Blueberry Hotcross Buns

Updated: Sep 27




Prep time: 20-25 min | Cook time: 25-30min | Rising time: 2-3hrs | Serving: 5-6 buns


Ingredients


Part A: Rehydrated Fruit

  • 1/2 Cup (73g) dried blueberries

  • 6 1/2 Tbsp (85g) boiling water

Part B: Cooked Flour Paste

  • 1¼ tbsp (10g) Kind Harvest plain flour

  • ¼ cup (45g) whole milk


Part C: Dough

  • 5 tbsp (67ml) whole milk (warmed to 43-46℃)

  • 1/8 cup (30g) caster sugar

  • 1 tsp (4g) dry instant yeast

  • 1 ½ cup (186g) The Kind Harvest Co. Plain Flour

  • Zest of 1 lemon (4g)

  • 2 tsp (8g) milk powder

  • A pinch (1g) table salt

  • 1/2tsp (1.3g) cinnamon

  • All the cooked flour paste

  • 1 small egg (28g) (room temperature, lightly beaten)

  • 3g/ (1/2tsp) vanilla extract

  • 1 tbsp (15g) unsalted butter (room temperature)

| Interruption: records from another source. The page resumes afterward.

lemma p_L_p_SEP_eq_if_block_positive:
  assumes "0 < m" "ensemble m d n \<eta> \<rho>" "x < n"
    and "\<forall>i<n. block_positive m d (weighted_diff \<eta> \<rho> x i)"
  shows "p_L m d n \<eta> \<rho> = \<eta> x" "p_SEP m d n \<eta> \<rho> = \<eta> x"
proof -
  define M where "M = (\<lambda>j. if j = x then id_on (idx m d) else (\<lambda>_ _. (0::complex)))"
  have M: "M \<in> locc m d n" "sep_measurement m d n M" "success m d n \<eta> \<rho> M = \<eta> x"
    unfolding M_def using locc.outcome[OF assms(3)] locc_sep_measurement success_constant_guess[OF assms(2,3)]
    by blast+
  have le: "success m d n \<eta> \<rho> M' \<le> \<eta> x" if "sep_measurement m d n M'" for M'
    using success_le_if_block_positive[OF assms(1) _ assms(4) that] assms(2,3)
    unfolding ensemble_def is_state_def by blast
  show "p_L m d n \<eta> \<rho> = \<eta> x"
    unfolding p_L_def locc_measurement_def using M le locc_sep_measurement
    by (intro cSup_eq_maximum) force+
  show "p_SEP m d n \<eta> \<rho> = \<eta> x"
    unfolding p_SEP_def using M le by (intro cSup_eq_maximum) force+
qed

lemma p_L_gt_if_not_block_positive:
  assumes "ensemble m d n \<eta> \<rho>" "x < n" "y < n"
    and "\<not> block_positive m d (weighted_diff \<eta> \<rho> x y)"
  shows "\<eta> x < p_L m d n \<eta> \<rho>"
proof -
  obtain M where M: "M \<in> locc m d n" "\<eta> x < success m d n \<eta> \<rho> M"
    using exists_locc_success_gt[OF assms] by blast
  have bdd: "bdd_above (success m d n \<eta> \<rho> ` {M. locc_measurement m d n M})"
    using success_le_one[OF assms(1)] locc_sep_measurement
    unfolding locc_measurement_def sep_measurement_def by (intro bdd_aboveI[of _ 1]) blast
  have "success m d n \<eta> \<rho> M \<le> p_L m d n \<eta> \<rho>"
    unfolding p_L_def using M(1) by (intro cSup_upper[OF _ bdd]) (simp add: locc_measurement_def)
  then show ?thesis using M(2) by simp
qed

theorem theorem1:
  fixes m n :: nat and d :: "nat \<Rightarrow> nat" and \<eta> :: "nat \<Rightarrow> real"
    and \<rho> :: "nat \<Rightarrow> (nat \<Rightarrow> nat) mat" and x :: nat
  assumes "m \<ge> 2" and "\<forall>k<m. d k \<ge> 2"
    and "ensemble m d n \<eta> \<rho>"
    and "x < n"
  shows "(p_L m d n \<eta> \<rho> = \<eta> x \<longleftrightarrow>
           (\<forall>i<n. block_positive m d (\<lambda>a b. complex_of_real (\<eta> x) * \<rho> x a b
                                           - complex_of_real (\<eta> i) * \<rho> i a b)))
         \<and> (p_L m d n \<eta> \<rho> = \<eta> x \<longrightarrow> p_L m d n \<eta> \<rho> = p_SEP m d n \<eta> \<rho>)"
proof (cases "\<forall>i<n. block_positive m d (weighted_diff \<eta> \<rho> x i)")
  case True
  moreover have "0 < m" using assms(1) by simp
  ultimately show ?thesis
    using p_L_p_SEP_eq_if_block_positive[OF _ assms(3,4)] unfolding weighted_diff_def by simp
next
  case False
  then obtain y where "y < n" "\<not> block_positive m d (weighted_diff \<eta> \<rho> x y)" by blast
  then have "p_L m d n \<eta> \<rho> \<noteq> \<eta> x" using p_L_gt_if_not_block_positive[OF assms(3,4)] by force
  then show ?thesis using False unfolding weighted_diff_def by simp
qed

end
(* Let $q\ge5$ and $\mu\in\mathbb{F}_q\setminus\{0,1\}$. Let $\ell_\mu$ be the line through $R_{\mu,0}=\mathbf{P}(0,\mu,0,1)$ and $R_{\mu,\infty}=\mathbf{P}(1,0,1,0)$, so $\ell_\mu=\{R_{\mu,\gamma}:\gamma\in\mathbb{F}_q\}\cup\{R_{\mu,\infty}\}$ with $R_{\mu,\gamma}=\mathbf{P}(\gamma,\mu,\gamma,1)$. Then: (i) $\ell_\mu$ has no point on $\mathscr{C}$; (ii) $\ell_\mu$ is not a chord of $\mathscr{C}$; (iii) $\ell_\mu$ is contained in neither $\pi_{osc}(\infty)$ nor $\pi_{osc}(0)$; more precisely $R_{\mu,\gamma}\notin\pi_{osc}(\infty)$ for all $\gamma\in\mathbb{F}_q$, $R_{\mu,\infty}\notin\pi_{osc}(0)$, and $R_{\mu,\infty}\in\pi_{osc}(\infty)$; (iv) if $R_{\mu,\infty}\notin\pi_{osc}(t)$ for all $t\in\mathbb{F}_q$, then $\ell_\mu$ is not contained in any osculating plane; (v) for $t\in\mathbb{F}_q$, $R_{\mu,\infty}\in\pi_{osc}(t)$ if and only if $3t^2+1=0$.
   Context: Points of $\mathrm{PG}(3,q)$ are written $\mathbf{P}(x_0,x_1,x_2,x_3)$ over $\mathbb{F}_q$. For $t$ in $\mathbb{F}_q$ or $\mathbb{F}_{q^2}$ put $P(t)=\mathbf{P}(t^3,t^2,t,1)$ and $P(\infty)=\mathbf{P}(1,0,0,0)$; the twisted cubic is $\mathscr{C}=\{P(t):t\in\mathbb{F}_q\cup\{\infty\}\}$. The osculating plane $\pi_{osc}(t)$ is $x_0-3tx_1+3t^2x_2-t^3x_3=0$ for $t\in\mathbb{F}_q$ and $\pi_{osc}(\infty)$ is $x_3=0$. A chord of $\mathscr{C}$ is a real chord (line joining two distinct points of $\mathscr{C}$), a tangent (line through $P(t)$ and $\mathbf{P}(3t^2,2t,1,0)$ for $t\in\mathbb{F}_q$, or through $P(\infty)$ and $\mathbf{P}(0,1,0,0)$), or an imaginary chord (line of $\mathrm{PG}(3,q)$ joining $P(t_1),P(t_2)$ with $t_1,t_2=t_1^q\in\mathbb{F}_{q^2}\setminus\mathbb{F}_q$). *)

theory Defs
  imports Main "HOL-Library.Cardinality"
begin

text \<open>Vectors of F^4 are quadruples; a point of PG(3,q) is the set of nonzero
scalar multiples of a nonzero vector (its class). Lines and planes are sets of points.\<close>

type_synonym 'a vec4 = "'a \<times> 'a \<times> 'a \<times> 'a"

definition vsmult :: "'a::field \<Rightarrow> 'a vec4 \<Rightarrow> 'a vec4" where
  "vsmult c v = (case v of (x0,x1,x2,x3) \<Rightarrow> (c*x0, c*x1, c*x2, c*x3))"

  • Soaked & drained blueberries.


Part D: Sugar Syrup

  • 1 tbsp (15g) water

  • 1/3 cup (25g) sugar

Part E: Crosses

  • 7 tbsp (54g) Kind Harvest plain flour

  • 4 ½ tbsp (55g) water


Method:


Part A:

  1. Rehydrate dried blueberries in boiling water, set aside for 10-15 minutes. Drain well.

Part B:

  1. In a saucepan, whisk together flour and water. Cook over low heat to a gel consistency. Transfer into a ramekin, set aside to cool.

Part C: Mixing

  1. Stir together milk, sugar, and yeast. Set aside for 5 minutes till frothy.

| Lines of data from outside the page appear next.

theorem lemma1:
  fixes V :: "'a set"
    and pos neg :: "'a \<Rightarrow> 'a \<Rightarrow> bool"
    and x :: "'a \<Rightarrow> 'a \<Rightarrow> real"
    and fp fm fo :: "real \<Rightarrow> real"
    and \<alpha> :: real
  assumes finV: "finite V"
    and pos_sym: "\<And>u v. u \<in> V \<Longrightarrow> v \<in> V \<Longrightarrow> pos u v = pos v u"
    and neg_sym: "\<And>u v. u \<in> V \<Longrightarrow> v \<in> V \<Longrightarrow> neg u v = neg v u"
    and disj: "\<And>u v. u \<in> V \<Longrightarrow> v \<in> V \<Longrightarrow> \<not> (pos u v \<and> neg u v)"
    and neg_irrefl: "\<And>u. u \<in> V \<Longrightarrow> \<not> neg u u"
    and fp_range: "\<And>y. 0 \<le> y \<Longrightarrow> y \<le> 1 \<Longrightarrow> 0 \<le> fp y \<and> fp y \<le> 1"
    and fm_range: "\<And>y. 0 \<le> y \<Longrightarrow> y \<le> 1 \<Longrightarrow> 0 \<le> fm y \<and> fm y \<le> 1"
    and fo_range: "\<And>y. 0 \<le> y \<Longrightarrow> y \<le> 1 \<Longrightarrow> 0 \<le> fo y \<and> fo y \<le> 1"
    and f0: "fp 0 = 0" "fm 0 = 0" "fo 0 = 0"
    and feas: "lp_feasible V x"
    and alpha_pos: "\<alpha> > 0"
    and tri: "\<And>u v w. u \<in> V \<Longrightarrow> v \<in> V \<Longrightarrow> w \<in> V \<Longrightarrow>
       ALG3 (prob_p fp fm fo pos neg x) pos neg u v w
         \<le> \<alpha> * LP3 (prob_p fp fm fo pos neg x) pos neg x u v w"
  shows "(\<forall>t. exp_alg (prob_p fp fm fo pos neg x) pos neg V t
              \<le> \<alpha> * exp_lp (prob_p fp fm fo pos neg x) pos neg x V t)
       \<and> measure_pmf.expectation (pivot_output (prob_p fp fm fo pos neg x) V)
           (cluster_cost pos neg V)
         \<le> \<alpha> * lp_obj pos neg x V"
proof -
  define p where "p = prob_p fp fm fo pos neg x"
  have x_range: "0 \<le> x u v \<and> x u v \<le> 1" if "u \<in> V" "v \<in> V" for u v
    using feas that by (auto simp: lp_feasible_def)
  have x_diag: "x u u = 0" if "u \<in> V" for u
    using feas that by (auto simp: lp_feasible_def)
  have p_range: "0 \<le> p u w \<and> p u w \<le> 1" if "u \<in> V" "w \<in> V" for u w
    using x_range[OF that] fp_range fm_range fo_range by (auto simp: p_def prob_p_def)
  have p_diag: "p w w = 0" if "w \<in> V" for w
    using x_diag[OF that] f0 by (auto simp: p_def prob_p_def)
  have elp_diag: "elp p pos neg x w u u = 0" if "u \<in> V" for u w
    using x_diag[OF that] neg_irrefl[OF that] by (auto simp: elp_def)
  have step: "exp_alg p pos neg V t \<le> \<alpha> * exp_lp p pos neg x V t" for t
    by (rule exp_alg_le_mult_exp_lp) (use finV p_diag p_range disj elp_diag tri in \<open>auto simp: p_def\<close>)
  have "measure_pmf.expectation (pivot_output p V) (cluster_cost pos neg V)
      = (\<Sum>t<card V. exp_alg p pos neg V t)"
    using finV p_diag by (rule expectation_cluster_cost)
  also have "\<dots> \<le> \<alpha> * (\<Sum>t<card V. exp_lp p pos neg x V t)"
    by (simp add: sum_distrib_left sum_mono step)
  also have "\<dots> \<le> \<alpha> * lp_obj pos neg x V"
    using alpha_pos finV p_diag x_range by (intro mult_left_mono sum_exp_lp_le_lp_obj) auto
  finally show ?thesis
    using step unfolding p_def by blast
qed

end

  2. Once yeast is activated, transfer into a mixing bowl alongside remaining ingredients except for butter & blueberries. With a dough hook attachment, mix on low speed till combined.

  3. Increase speed to medium, then slowly add in butter. Continue mixing for 8-10 minutes until the dough becomes shiny.

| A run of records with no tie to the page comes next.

lemma reachable_image_doubleton:
  assumes "{y, z} = {u, v}" "(adj E)\<^sup>*\<^sup>* (f u) (f v)"
  shows "(adj E)\<^sup>*\<^sup>* (f y) (f z)"
proof -
  from assms(1) have "y = u \<and> z = v \<or> y = v \<and> z = u"
    by (simp add: doubleton_eq_iff)
  then show ?thesis
    using assms(2) adj_rtranclp_sym[OF assms(2)] by auto
qed

lemma graph_connected_transfer:
  assumes "graph_connected V E"
    and edge: "\<And>x y. {x, y} \<in> E \<Longrightarrow> (adj E')\<^sup>*\<^sup>* (f x) (f y)"
    and reach: "\<And>v. v \<in> V' \<Longrightarrow> \<exists>x\<in>V. (adj E')\<^sup>*\<^sup>* (f x) v"
  shows "graph_connected V' E'"
  unfolding graph_connected_def
proof (intro ballI)
  have path: "(adj E')\<^sup>*\<^sup>* (f x) (f y)" if "(adj E)\<^sup>*\<^sup>* x y" for x y
    using that
  proof (induction rule: rtranclp_induct)
    case (step y z)
    then have "{y, z} \<in> E"
      by (simp add: adj_def)
    then show ?case
      using step.IH edge by (meson rtranclp_trans)
  qed simp
  fix v w assume "v \<in> V'" "w \<in> V'"
  then obtain x y where "x \<in> V" "y \<in> V" "(adj E')\<^sup>*\<^sup>* (f x) v" "(adj E')\<^sup>*\<^sup>* (f y) w"
    using reach by meson
  moreover have "(adj E)\<^sup>*\<^sup>* x y"
    using assms(1) \<open>x \<in> V\<close> \<open>y \<in> V\<close> unfolding graph_connected_def by blast
  ultimately show "(adj E')\<^sup>*\<^sup>* v w"
    by (meson adj_rtranclp_sym path rtranclp_trans)
qed
(* For the $3\times3$ absorbing game \[ A=\begin{bmatrix}1^* & 1^* & 2^*\\ 1^* & 2^* & 0\\ 2^* & 0 & 1^*\end{bmatrix}, \] let \[ \alpha=-1+\frac13\sqrt[3]{\frac{27}{2}-\frac{3\sqrt{69}}{2}}+\frac{\sqrt[3]{\tfrac12(9+\sqrt{69})}}{\sqrt[3]{9}}\approx0.3247, \] and let $x=(x^1,x^2,x^3)=(\alpha,\,1-2\alpha-\alpha^2,\,\alpha+\alpha^2)\in\Delta(\{1,2,3\})$. Then $x$ is the unique $x\in\Delta(\{1,2,3\})$ satisfying \[ x^1+x^2+2x^3=\frac{x^1+2x^2}{x^1+x^2}=\frac{2x^1+x^3}{x^1+x^3}, \] and for every column $j\in\{1,2,3\}$, $\lim_{\lambda\to0}\gamma_\lambda(x,j)=1+\alpha+\alpha^2$, where $\gamma_\lambda(x,j)$ is the $\lambda$-discounted payoff when Player 1 plays the stationary strategy $x$ and Player 2 plays the pure stationary action $j$. Consequently the limit value is $v=1+\alpha+\alpha^2$. *)

theory Defs
  imports "HOL-Analysis.Analysis"
begin

definition mixed_actions :: "nat set \<Rightarrow> (nat \<Rightarrow> real) set" where
  "mixed_actions I = {x. (\<forall>i\<in>I. 0 \<le> x i) \<and> (\<forall>i. i \<notin> I \<longrightarrow> x i = 0) \<and> (\<Sum>i\<in>I. x i) = 1}"

definition pure :: "nat \<Rightarrow> nat \<Rightarrow> real" where
  "pure j = (\<lambda>k. if k = j then 1 else 0)"

text \<open>An absorbing game with action sets I (Player 1) and J (Player 2), payoff g and
absorbing-entry predicate ab (entries marked with a star).\<close>
definition abs_prob :: "nat set \<Rightarrow> nat set \<Rightarrow> (nat \<Rightarrow> nat \<Rightarrow> bool) \<Rightarrow>
    (nat \<Rightarrow> real) \<Rightarrow> (nat \<Rightarrow> real) \<Rightarrow> real" where
  "abs_prob I J ab x y = (\<Sum>i\<in>I. \<Sum>j\<in>J. if ab i j then x i * y j else 0)"

text \<open>Expected payoff at stage n+1 (n = 0,1,...) under stationary x, y:
 with probability (1-p)^n play has not been absorbed and the current stage payoff is the
 expected one-shot payoff; with probability (1-p)^s x_i y_j it was absorbed at stage s+1 <= n
 in absorbing entry (i,j), giving payoff g i j forever.\<close>
definition stage_payoff :: "nat set \<Rightarrow> nat set \<Rightarrow> (nat \<Rightarrow> nat \<Rightarrow> real) \<Rightarrow> (nat \<Rightarrow> nat \<Rightarrow> bool) \<Rightarrow>
    (nat \<Rightarrow> real) \<Rightarrow> (nat \<Rightarrow> real) \<Rightarrow> nat \<Rightarrow> real" where
  "stage_payoff I J g ab x y n =
     (let p = abs_prob I J ab x y in
      (1 - p) ^ n * (\<Sum>i\<in>I. \<Sum>j\<in>J. x i * y j * g i j)
      + (\<Sum>s<n. (1 - p) ^ s * (\<Sum>i\<in>I. \<Sum>j\<in>J. if ab i j then x i * y j * g i j else 0)))"

definition disc_payoff :: "nat set \<Rightarrow> nat set \<Rightarrow> (nat \<Rightarrow> nat \<Rightarrow> real) \<Rightarrow> (nat \<Rightarrow> nat \<Rightarrow> bool) \<Rightarrow>
    real \<Rightarrow> (nat \<Rightarrow> real) \<Rightarrow> (nat \<Rightarrow> real) \<Rightarrow> real" where
  "disc_payoff I J g ab l x y = (\<Sum>n. l * (1 - l) ^ n * stage_payoff I J g ab x y n)"

text \<open>By Shapley's theorem both players have stationary optimal
strategies, and against a stationary strategy a best reply may be taken stationary, so the
value equals sup over stationary x of inf over stationary y of the discounted payoff.\<close>
definition disc_value :: "nat set \<Rightarrow> nat set \<Rightarrow> (nat \<Rightarrow> nat \<Rightarrow> real) \<Rightarrow> (nat \<Rightarrow> nat \<Rightarrow> bool) \<Rightarrow>
    real \<Rightarrow> real" where
  "disc_value I J g ab l =
     (SUP x\<in>mixed_actions I. INF y\<in>mixed_actions J. disc_payoff I J g ab l x y)"

text \<open>The concrete 3x3 game: [[1*,1*,2*],[1*,2*,0],[2*,0,1*]].\<close>
definition gA :: "nat \<Rightarrow> nat \<Rightarrow> real" where
  "gA i j = (if (i, j) \<in> {(1,3), (2,2), (3,1)} then 2
             else if (i, j) \<in> {(2,3), (3,2)} then 0 else 1)"

definition abA :: "nat \<Rightarrow> nat \<Rightarrow> bool" where
  "abA i j = ((i, j) \<notin> {(2,3), (3,2)})"

definition alphaA :: real where
  "alphaA = -1 + root 3 (27/2 - 3 * sqrt 69 / 2) / 3 + root 3 ((9 + sqrt 69) / 2) / root 3 9"

end

theory Submission
  imports Defs
begin

(* Against stationary strategies an absorbing game is a Markov chain that is absorbed with
   probability p per stage, so the stage payoffs satisfy f(n+1) = (1-p) f(n) + q and the
   discounted payoff is (l r + (1-l) q) / (l + (1-l) p), where r is the expected one-shot payoff
   and q the absorbing part of it.  In this game r = q, and as l -> 0 the payoff of a column
   tends to the ratio q/p.

   Put s = alpha + alpha^2, the real root of s^3 - 2 s^2 + 3 s - 1 = 0 (so 0 < s < 1); then
   x = ((1-s)^2, s(1-s), s), and under x every column has ratio 1 + s and absorbs with
   probability at least (1-s)^2, so x guarantees 1 + s in the limit.  Conversely, if some x had
   ratio above 1 + s in all three columns, then x3 > s, (1-s) x2 > s x1 and (1-s) x1 > s x3;
   chaining these gives (1-s)^2 (x1 + x2 + x3) > (1-s+s^2) s = (1-s)^2, which contradicts
   x1 + x2 + x3 = 1.  So for every l the discounted value lies between 1 + s and a quantity
   tending to 1 + s. *)

definition expected_payoff ::
    "nat set \<Rightarrow> nat set \<Rightarrow> (nat \<Rightarrow> nat \<Rightarrow> real) \<Rightarrow> (nat \<Rightarrow> real) \<Rightarrow> (nat \<Rightarrow> real) \<Rightarrow> real" where
  "expected_payoff I J g x y = (\<Sum>i\<in>I. \<Sum>j\<in>J. x i * y j * g i j)"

  4. Add in blueberries and mix on low speed till well distributed.

  5. Transfer dough into a clean, greased bowl. Cover with towel and place somewhere warm to rise for 1-2 hours till doubled in size.

  6. Once dough doubled in size, turn it out onto a lightly floured surface. Divide into 70g portions, then shape each one into a tight ball. Transfer the balls onto baking paper lined tray, spacing them apart. Cover with towel again and let them rise somewhere warm for 1 hour.

Proofing Dough Tips:

  1. Preheat oven to 50℃ (fan-forced) / 70℃ (conventional) for 15-20 minutes till warm.

  2. Turn off oven before placing dough in the oven to rise.

Assembly & Baking:

  1. Preheat oven to 170℃ (fan-forced) / 190℃ (conventional).

  2. Mix flour and water for the crosses together to a paste consistency, transfer into a pipping bag, then cut a small tip.

  3. Pipe crosses of flour paste onto each roll (Note: pipe horizontally across all the rolls, then vertically across).

  4. Bake in the middle rack of oven for 25-30 minutes, rotating halfway through baking. (Tip: cover with foil halfway through if browning too quickly)

Part D:

  1. Combine all ingredients together in a saucepan, bring to a boil till all the sugar dissolves then set aside to cool. Once the buns are out of the oven, immediately brush with the cooled sugar syrup. Serve and enjoy!